How to complete this task >> Every record must be copied exactly.

Data shown >>
lemma time_warp_squeeze:
  assumes "0 \<le> D" "D < 1/2"
  shows "time_warp (squeeze D)"
proof
  show "squeeze D 0 = 0"
    unfolding squeeze_def by simp
  show "strict_mono_on {0..<1} (squeeze D)"
  proof (rule strict_mono_onI)
    fix f g :: real assume "f \<in> {0..<1}" "g \<in> {0..<1}" "f < g"
    then have "(1/2 - D) * f < (1/2 - D) * g" "0 < (1/2 - D) * g"
      using assms by simp_all
    then show "squeeze D f < squeeze D g"
      using assms \<open>f < g\<close> unfolding squeeze_def by auto
  qed
  have "squeeze D f \<in> {0..<1}" if "f \<in> {0..<1}" for f
  proof -
    have "0 \<le> (1/2 - D) * f" "(1/2 - D) * f \<le> 1/2 - D"
      using that assms by (simp_all add: mult_left_le)
    moreover have "squeeze D f = 0 \<or> squeeze D f = D + (1/2 - D) * f"
      unfolding squeeze_def by simp
    ultimately show ?thesis
      using assms unfolding atLeastLessThan_iff by linarith
  qed
  then show "squeeze D ` {0..<1} \<subseteq> {0..<1}"
    by blast
qed

definition disc_time :: "real \<Rightarrow> real" where
  "disc_time t = of_int \<lfloor>t\<rfloor> + of_int \<lceil>frac t\<rceil> / 2"

lemma disc_time_eq: "disc_time t = of_int \<lfloor>t\<rfloor> + (if frac t = 0 then 0 else 1/2)"
  unfolding disc_time_def ceiling_frac_eq by simp
text \<open>A lost pair with fewest elements between its ends cannot have a third element in between:
  that element would form a shorter pair, which is not lost, and the relations of the
  two shorter pairs in \<open>Q\<close> would contradict \<open>(x, y)\<close> being lost.\<close>

lemma flippable_if_minimal_lost:
  assumes lost: "(x, y) \<in> lost_h_pairs"
    and minimal: "\<And>a b. (a, b) \<in> lost_h_pairs \<Longrightarrow>
      between_card A (pp_tle (pp_dual P)) x y \<le> between_card A (pp_tle (pp_dual P)) a b"
  shows "flippable_pair P x y"
proof
  let ?le = "pp_tle (pp_dual P)"
  have x: "x \<in> A" and y: "y \<in> A" and "x \<noteq> y" and h_xy: "hP x y" and not_hQ: "\<not> hQ (\<theta> x) (\<theta> y)"
    using lost unfolding lost_h_pairs_def by auto
  have rQ_xy: "rQ (\<theta> x) (\<theta> y)" using theta_tle[OF x y] h_xy not_hQ by (simp add: pp_tle_def)
  have order: "total_order_on A ?le"
    using pp_tle_total_order[OF plane_poset_dual[OF plane_P]] by simp
  fix z assume z: "z \<in> A" "z \<noteq> x" "z \<noteq> y"
  show "\<not> (?le x z \<and> ?le z y)"
  proof
    assume between: "?le x z \<and> ?le z y"
    note shorter = between_card_less[OF DP(1) order x y z] between
    have kept: "hQ (\<theta> a) (\<theta> b)"
      if "a \<in> A" "b \<in> A" "a \<noteq> b" "hP a b" "between_card A ?le a b < between_card A ?le x y" for a b
      using minimal[of a b] that unfolding lost_h_pairs_def by fastforce
    from between consider "hP x z" "hP z y" | "rP z x" "hP z y" | "hP x z" "rP y z" | "rP z x" "rP y z"
      by (auto simp: pp_tle_dual)
    then show False
    proof cases
      case 1
      then show False using kept[OF x z(1)] kept[OF z(1) y] shorter z
          DQ(4)[OF theta_in[OF x] theta_in[OF z(1)] theta_in[OF y]] not_hQ by auto
    next
      case 2
      then have "hQ (\<theta> z) (\<theta> y)" "rQ (\<theta> z) (\<theta> y)"
        using kept[OF z(1) y] shorter z theta_r[OF z(1) x] rQ_xy
          DQ(7)[OF theta_in[OF z(1)] theta_in[OF x] theta_in[OF y]] by auto
      then show False using DQ(8)[OF theta_in[OF z(1)] theta_in[OF y]] theta_eq_iff z y by blast
    next
      case 3
      then have "hQ (\<theta> x) (\<theta> z)" "rQ (\<theta> x) (\<theta> z)"
        using kept[OF x z(1)] shorter z theta_r[OF y z(1)] rQ_xy
          DQ(7)[OF theta_in[OF x] theta_in[OF y] theta_in[OF z(1)]] by auto
      then show False using DQ(8)[OF theta_in[OF x] theta_in[OF z(1)]] theta_eq_iff z x by blast
    next
      case 4
      then show False using DP(7)[OF y z(1) x] DP(8)[OF x y \<open>x \<noteq> y\<close>] h_xy by blast
    qed
  qed
qed (use lost plane_P in \<open>auto simp: lost_h_pairs_def\<close>)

Response >>
lemma time_warp_squeeze:
  assumes "0 \<le> D" "D < 1/2"
  shows "time_warp (squeeze D)"
proof
  show "squeeze D 0 = 0"
    unfolding squeeze_def by simp
  show "strict_mono_on {0..<1} (squeeze D)"
  proof (rule strict_mono_onI)
    fix f g :: real assume "f \<in> {0..<1}" "g \<in> {0..<1}" "f < g"
    then have "(1/2 - D) * f < (1/2 - D) * g" "0 < (1/2 - D) * g"
      using assms by simp_all
    then show "squeeze D f < squeeze D g"
      using assms \<open>f < g\<close> unfolding squeeze_def by auto
  qed
  have "squeeze D f \<in> {0..<1}" if "f \<in> {0..<1}" for f
  proof -
    have "0 \<le> (1/2 - D) * f" "(1/2 - D) * f \<le> 1/2 - D"
      using that assms by (simp_all add: mult_left_le)
    moreover have "squeeze D f = 0 \<or> squeeze D f = D + (1/2 - D) * f"
      unfolding squeeze_def by simp
    ultimately show ?thesis
      using assms unfolding atLeastLessThan_iff by linarith
  qed
  then show "squeeze D ` {0..<1} \<subseteq> {0..<1}"
    by blast
qed

definition disc_time :: "real \<Rightarrow> real" where
  "disc_time t = of_int \<lfloor>t\<rfloor> + of_int \<lceil>frac t\<rceil> / 2"

lemma disc_time_eq: "disc_time t = of_int \<lfloor>t\<rfloor> + (if frac t = 0 then 0 else 1/2)"
  unfolding disc_time_def ceiling_frac_eq by simp
text \<open>A lost pair with fewest elements between its ends cannot have a third element in between:
  that element would form a shorter pair, which is not lost, and the relations of the
  two shorter pairs in \<open>Q\<close> would contradict \<open>(x, y)\<close> being lost.\<close>

lemma flippable_if_minimal_lost:
  assumes lost: "(x, y) \<in> lost_h_pairs"
    and minimal: "\<And>a b. (a, b) \<in> lost_h_pairs \<Longrightarrow>
      between_card A (pp_tle (pp_dual P)) x y \<le> between_card A (pp_tle (pp_dual P)) a b"
  shows "flippable_pair P x y"
proof
  let ?le = "pp_tle (pp_dual P)"
  have x: "x \<in> A" and y: "y \<in> A" and "x \<noteq> y" and h_xy: "hP x y" and not_hQ: "\<not> hQ (\<theta> x) (\<theta> y)"
    using lost unfolding lost_h_pairs_def by auto
  have rQ_xy: "rQ (\<theta> x) (\<theta> y)" using theta_tle[OF x y] h_xy not_hQ by (simp add: pp_tle_def)
  have order: "total_order_on A ?le"
    using pp_tle_total_order[OF plane_poset_dual[OF plane_P]] by simp
  fix z assume z: "z \<in> A" "z \<noteq> x" "z \<noteq> y"
  show "\<not> (?le x z \<and> ?le z y)"
  proof
    assume between: "?le x z \<and> ?le z y"
    note shorter = between_card_less[OF DP(1) order x y z] between
    have kept: "hQ (\<theta> a) (\<theta> b)"
      if "a \<in> A" "b \<in> A" "a \<noteq> b" "hP a b" "between_card A ?le a b < between_card A ?le x y" for a b
      using minimal[of a b] that unfolding lost_h_pairs_def by fastforce
    from between consider "hP x z" "hP z y" | "rP z x" "hP z y" | "hP x z" "rP y z" | "rP z x" "rP y z"
      by (auto simp: pp_tle_dual)
    then show False
    proof cases
      case 1
      then show False using kept[OF x z(1)] kept[OF z(1) y] shorter z
          DQ(4)[OF theta_in[OF x] theta_in[OF z(1)] theta_in[OF y]] not_hQ by auto
    next
      case 2
      then have "hQ (\<theta> z) (\<theta> y)" "rQ (\<theta> z) (\<theta> y)"
        using kept[OF z(1) y] shorter z theta_r[OF z(1) x] rQ_xy
          DQ(7)[OF theta_in[OF z(1)] theta_in[OF x] theta_in[OF y]] by auto
      then show False using DQ(8)[OF theta_in[OF z(1)] theta_in[OF y]] theta_eq_iff z y by blast
    next
      case 3
      then have "hQ (\<theta> x) (\<theta> z)" "rQ (\<theta> x) (\<theta> z)"
        using kept[OF x z(1)] shorter z theta_r[OF y z(1)] rQ_xy
          DQ(7)[OF theta_in[OF x] theta_in[OF y] theta_in[OF z(1)]] by auto
      then show False using DQ(8)[OF theta_in[OF x] theta_in[OF z(1)]] theta_eq_iff z x by blast
    next
      case 4
      then show False using DP(7)[OF y z(1) x] DP(8)[OF x y \<open>x \<noteq> y\<close>] h_xy by blast
    qed
  qed
qed (use lost plane_P in \<open>auto simp: lost_h_pairs_def\<close>)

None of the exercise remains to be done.